Use of models Porter’s five forces The confisery market is in growth. In terms of value, it has increased of 3% in 2008 for a value of 127. 9 billion and should reach 147. 7 billion in 2013. In addition, offer in this place is very large: there are many big competitors as KraftFoods, Cadbury, Ferrero, Nestle or Cemoi. The competitive environment can be dressed in the Porter 5 forces diagram: Figure 1 : Porter’s five forces The market is concentrated and occupied by big groups. In this way, threat of new arrivants is poor because the difference of structure is too important.

Same conclusion about substitutable products, due to a strong investment policy of the companies present on the market. To continue, Haribo guarantee a high turnover rate of the shelves to the distributors which, conversely, can be strict on quality and hygiene. Their bargaining power is moderate. Finally, suppliers have a high bargaining power because they are few and are at the origin of the value-added created. In this way, big groups Haribo included, have a stable position, a high power and influence on their environment. BCG Matrix

The range of the brand is composed of four types of products which are the jellied candies (Harry Croco, Happy Cola…), the marshmallows, the liquorices with “the tenders” (Zigoto…) and “the Hards” (Zan…), and the sugar-coated (Dragibus, Starmint…). This portfolio of products is evaluated in a BCG matrix to understand management choices and priorities: Figure 2 : BCG Matrix Stars are products with a rapid growth and a large market share, which generate lots of benefits. With dynamic investments, these products will become “Cash cows” when they we’ll be at maturity.

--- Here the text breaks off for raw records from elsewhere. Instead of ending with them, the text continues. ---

lemma inj_on_path: "inj_on path {..path_length}"
proof (rule inj_onI)
  fix i i' assume "i \<in> {..path_length}" "i' \<in> {..path_length}" and eq: "path i = path i'"
  then have i: "i \<le> path_length" "i' \<le> path_length"
    by simp_all
  consider "even i" "even i'" | "odd i" "even i'" | "even i" "odd i'" | "odd i" "odd i'"
    by blast
  then show "i = i'"
  proof cases
    case 1
    then have "gray m r (i div 2) = gray m r (i' div 2)"
      using eq by (simp add: path_def)
    then have "i div 2 = i' div 2"
      using inj_on_gray path_index_bound i by (auto dest: inj_onD)
    with 1 show ?thesis
      by presburger
  next
    case 2
    then show ?thesis
      using path_odd_aux[of i] path_even_less[of i'] i eq by fastforce
  next
    case 3
    then show ?thesis
      using path_odd_aux[of i'] path_even_less[of i] i eq by fastforce
  next
    case 4
    then show ?thesis
      using path_odd_inject i eq by blast
  qed
qed

lemma path_step_facet:
  assumes "i < path_length" "l \<le> path_length" "transversal (path l) \<subseteq> path_step i"
  shows "l = i \<or> l = Suc i"
proof -
  obtain j c y where y: "move_end j c y" and pair: "{path i, path (Suc i)} = {y, y(j := m + c)}"
    using path_step_eq[OF assms(1)] .
  have "path_step i = transversal y \<union> transversal (y(j := m + c))"
    using pair unfolding path_step_def by (auto simp: doubleton_eq_iff)
  moreover have "\<forall>k. k \<noteq> j \<longrightarrow> y k = (y(j := m + c)) k"
    by simp
  ultimately have "path l = y \<or> path l = y(j := m + c)"
    using in_grid_eq_if_transversal_subset[OF move_end_in_grid[OF y] move_end_aux_in_grid[OF y]
        path_in_grid[OF assms(2)]] assms(3) by blast
  then have "path l = path i \<or> path l = path (Suc i)"
    using pair by (auto simp: doubleton_eq_iff)
  then show ?thesis
    using inj_on_path assms(1,2) by (auto dest: inj_onD)
qed

lemma live_transversal_path: "l \<le> path_length \<Longrightarrow> live (transversal (path l))"
proof (cases "l < path_length")
  case True
  then show ?thesis
    using step_set_path_step unfolding live_def path_step_def by blast
next
  case False
  assume "l \<le> path_length"
  then have "l = Suc (l - 1)" "l - 1 < path_length"
    using False path_length_pos by auto
  then show ?thesis
    using step_set_path_step unfolding live_def path_step_def by (metis Un_upper2)
qed

lemma step_set_imp_path_step:
  assumes "step_set T"
  obtains i where "i < path_length" "T = path_step i"
proof -
  obtain j c y where y: "move_end j c y" and T: "T = insert (vert j (m + c)) (transversal y)"
    using assms unfolding step_set_def by blast
  define y0 where "y0 = y(j := c)"
  have move: "gray_move m j c y0 (y0(j := Suc c))"
    using y unfolding move_end_def gray_move_def y0_def by auto
  have "\<exists>t. Suc t < m ^ r \<and> {gray m r t, gray m r (Suc t)} = {y0, y0(j := Suc c)}"
    by (rule gray_move_occurs) (use y in \<open>auto simp: move_end_def y0_def\<close>)
  then obtain t where t: "Suc t < m ^ r" and pair: "{gray m r t, gray m r (Suc t)} = {y0, y0(j := Suc c)}"
    by blast
  have "gray_move m j c (gray m r t) (gray m r (Suc t))"
    using gray_move_pair[OF move pair] .
  then have "move_coord t = j" "move_low t = c"
    unfolding move_coord_def move_low_def using gray_move_coord_low by simp_all
  moreover have "y(j := m + c) = (gray m r t)(j := m + c)"
    using pair unfolding y0_def by (auto simp: doubleton_eq_iff)
  ultimately have odd_step: "path (Suc (2 * t)) = y(j := m + c)"
    by (simp add: path_def)
  have T_Un: "T = transversal y \<union> transversal (y(j := m + c))"
    using T transversal_Un_upd y by (simp add: move_end_def)
  have "Suc (2 * t) < path_length"
    using t by (simp add: path_length_def)
  have "y = y0 \<or> y = y0(j := Suc c)"
    using y unfolding move_end_def y0_def by auto
  then have "y = path (2 * t) \<or> y = path (Suc (Suc (2 * t)))"
    using pair by (auto simp: path_def doubleton_eq_iff)
  then show ?thesis
  proof
    assume "y = path (2 * t)"
    then have "T = path_step (2 * t)"
      using T_Un odd_step by (simp add: path_step_def)
    moreover have "2 * t < path_length"
      using \<open>Suc (2 * t) < path_length\<close> by simp
    ultimately show ?thesis
      using that by simp
  next
    assume "y = path (Suc (Suc (2 * t)))"
    then have "T = path_step (Suc (2 * t))"
      using T_Un odd_step by (simp add: path_step_def Un_commute)
    then show ?thesis
      using that \<open>Suc (2 * t) < path_length\<close> by simp
  qed
qed

lemma transversal_path_inject:
  assumes "l \<le> path_length" "l' \<le> path_length" "transversal (path l) = transversal (path l')"
  shows "l = l'"
proof -
  have "path l = path l'"
    using transversal_inject[OF path_in_grid path_in_grid] assms by blast
  then show ?thesis
    using inj_onD[OF inj_on_path] assms(1,2) by simp
qed

lemma card_transversal_path: "l \<le> path_length \<Longrightarrow> card (transversal (path l)) = r"
  using card_transversal path_in_grid by blast

end
(* Assume the environments are defined by a class of linear spurious correlation latent SCMs $\mathcal{M}_\mathcal{E}$, and let $e^+$ be any test domain with $\mathcal{M}_{e^+}\in\mathcal{M}_\mathcal{E}$. Let $\theta\in\mathbb{R}^d$ satisfy the NCM constraint $\theta^\top\tilde{Q}_r=0$. Then: (a) for logistic regression with log loss $\ell_{\mathrm{LL}}$, $$\mathbb{E}_{({\mathbf{x}}_{e^+},{\textnormal{y}}_{e^+})\sim\mathbb{P}_{\mathrm{test}}}[\ell_{\mathrm{LL}}(\theta^\top{\mathbf{x}}_{e^+},{\textnormal{y}}_{e^+})]\le\mathbb{E}_{({\mathbf{x}},{\textnormal{y}})\sim\mathbb{P}_{\mathrm{train}}}[\ell_{\mathrm{LL}}(\theta^\top{\mathbf{x}},{\textnormal{y}})]+\|\theta\|\,\big\|\tilde{Q}_{r,\perp}^\top Q\,\Lambda^{1/2}\big\|;$$ (b) for linear regression with squared error loss $\ell_{\mathrm{SE}}$, $$\mathbb{E}_{({\mathbf{x}}_{e^+},{\textnormal{y}}_{e^+})\sim\mathbb{P}_{\mathrm{test}}}[\ell_{\mathrm{SE}}(\theta^\top{\mathbf{x}}_{e^+},{\textnormal{y}}_{e^+})]\le 2\,\mathbb{E}_{({\mathbf{x}},{\textnormal{y}})\sim\mathbb{P}_{\mathrm{train}}}[\ell_{\mathrm{SE}}(\theta^\top{\mathbf{x}},{\textnormal{y}})]+2\|\theta\|^2\big\|\tilde{Q}_{r,\perp}^\top Q\,\Lambda^{1/2}\big\|^2.$$ Furthermore, with $s:=\min\{r,|\mathcal{I}(\mathcal{F}_\mathcal{E})|\}$, $$\big\|\tilde{Q}_{r,\perp}^\top Q\,\Lambda^{1/2}\big\|^2\le\lambda_1(e^+)\,\mathrm{dist}^2(\tilde{Q}_s,Q_s)+\lambda_{s+1}(e^+).$$
   Context: Setting. $\mathcal{E}$ is a set of domains; each domain $e$ has an SCM $\mathcal{M}_e$, all sharing the same exogenous noise ${\mathbf{u}}\sim\mathbb{P}_\mathcal{U}$, latent variables ${\mathbf{z}}$, observed input ${\mathbf{x}}\in\mathbb{R}^d$ and target ${\textnormal{y}}$. Latent mechanisms $f_{e,i}$ may depend on $e$; write $f_e$ for the induced solution map ${\bm{u}}\mapsto{\bm{z}}$. The observed mechanisms are shared across domains: ${\mathbf{x}}_e=g_{\mathbf{x}}(f_e({\mathbf{u}}))$ with $g_{\mathbf{x}}$ linear, and ${\textnormal{y}}=g_{\textnormal{y}}({\mathbf{z}})$ with $g_{\textnormal{y}}$ linear (linear regression) or the sign of a linear function, ${\textnormal{y}}\in\{-1,1\}$ (logistic regression); the SCMs are linear. The intervention set is $\mathcal{I}(\mathcal{F}_\mathcal{E})=\{i:f_{e,i}\neq f_{e',i}\text{ for some }e,e'\in\mathcal{E}\}$, and the spurious correlation assumption is that no $i\in\mathcal{I}(\mathcal{F}_\mathcal{E})$ is an ancestor of ${\textnormal{y}}$. Training domains $\mathcal{E}_{\mathrm{train}}\subseteq\mathcal{E}$ have weights $\mathbb{P}(e)$, and $\mathbb{P}_{\mathrm{train}}=\sum_{e\in\mathcal{E}_{\mathrm{train}}}\mathbb{P}(e)\mathbb{P}_e$; $\mathbb{P}_{\mathrm{test}}$ is the distribution of domain $e^+$. For the same noise ${\mathbf{u}}$ define ${\mathbf{x}}_{e^+}=g_{\mathbf{x}}(f_{e^+}({\mathbf{u}}))$ and ${\mathbf{x}}_{e^+\to e}=g_{\mathbf{x}}(f_e({\mathbf{u}}))$. Let $M_{e^+}:=\sum_{e\in\mathcal{E}_{\mathrm{train}}}\mathbb{P}(e)\,\mathbb{E}_{\mathbf{u}}[({\mathbf{x}}_{e^+}-{\mathbf{x}}_{e^+\to e})({\mathbf{x}}_{e^+}-{\mathbf{x}}_{e^+\to e})^\top]=Q\Lambda Q^\top$, where $Q\in\mathbb{R}^{d\times|\mathcal{I}(\mathcal{F}_\mathcal{E})|}$ has orthonormal columns and $\Lambda$ is diagonal with the eigenvalues $\lambda_1(e^+)\ge\lambda_2(e^+)\ge\dots$ of $M_{e^+}$ (eigenvalues beyond index $|\mathcal{I}(\mathcal{F}_\mathcal{E})|$ are zero); $Q_s$ denotes the first $s$ columns of $Q$ and $\lambda_j(e^+)$ the $j$-th largest eigenvalue of $M_{e^+}$. NCM: given $k$ (possibly noisy) counterfactual pairs $({\bm{x}}_{e_j},{\bm{x}}_{e'_j})$, let $\tilde{\Delta}_{\mathbf{x}}=[{\bm{x}}_{e_1}-{\bm{x}}_{e'_1},\dots,{\bm{x}}_{e_k}-{\bm{x}}_{e'_k}]\in\mathbb{R}^{d\times k}$; $\tilde{Q}_r\in\mathbb{R}^{d\times r}$ is the matrix of left singular vectors for the $r$ largest singular values of $\tilde{\Delta}_{\mathbf{x}}$ (similarly $\tilde{Q}_s$), and $\tilde{Q}_{r,\perp}\in\mathbb{R}^{d\times(d-r)}$ is an orthonormal basis of the orthogonal complement of its column space. Predictions are $\theta^\top{\mathbf{x}}$; $\ell_{\mathrm{LL}}(t,y)=\log(1+e^{-yt})$, $\ell_{\mathrm{SE}}(t,y)=(t-y)^2$. $\|\cdot\|$ is the Euclidean/spectral norm, and $\mathrm{dist}(Q,Q'):=\|QQ^\top-Q'Q'^\top\|$. *)

theory Defs
  imports "HOL-Analysis.Analysis" "HOL-Probability.Probability"
begin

Tenders liquorices, considered as Cash Cows are products with low growth and high profit. Haribo has to maintain this position against competitors because they generate vital money to develop stars. Hard liquorices are products with a good growth but a little market share; they don’t give lots of profits. That’s why Haribo have to invest in this range to develop benefits or take off this range. In addition, the company has several products positioned on a depressed market or too much competitive market. They have to be deleted to limit costs. Ansoff matrix

Haribo has placed various methods to impose itself on the sugar confectionary market. Ansoff matrix categorizes the different methods of growth adopted: Figure 3 : Ansoff Matrix First, Haribo uses their flagship products to penetrate markets where they are present. Secondly, Haribo have a strategy of differentiation. It means that it offers to the customers a large offer in comparison of what already exists, with constant launches of new products. This success is due to an active innovation policy and quality products. However, today, consumption tendencies are changing.

Indeed, concern over health is growing and new restrictions against food advertising have been established. People are more and more worried about what they eat and tend to prefer healthy food because it comforts them. In this way, Haribo diversified its activities and adopted a new strategy to take market share away from its initial market. The company launched a new range of products, with less sugar and has successfully addressed the health trend by focusing on the nostalgia trend to encourage more consumption among adults, playing on the fact that this new range could remind them the sweets of their youth.

Haribo has reached its current status by targeting 2 segments: adults (notions of health, well-being) and children (surprising tastes, colors). Now, it focuses more on adults. SWOT analysis It’s possible gathering all the external and internal environmental factors affecting Haribo in a SWOT analysis, to have a best insight of its situation. Figure 4 : SWOT Analysis In front of this appraisal of the company’s situation, it’s possible to draw meaningful conclusions.

In intern first, Haribo has many strong points, particularly its size, its brand image and its efficient strategy of differentiation. Secondly, at an external level, we see that health food is more and more important for customers and restrictions about food advertising prevent Haribo to develop itself on sweetened products. Haribo has to use of its strengths to invest in the opportunities. To conclude, in the case of the « Haribo Case Study » article, four tools appeared as the most interesting.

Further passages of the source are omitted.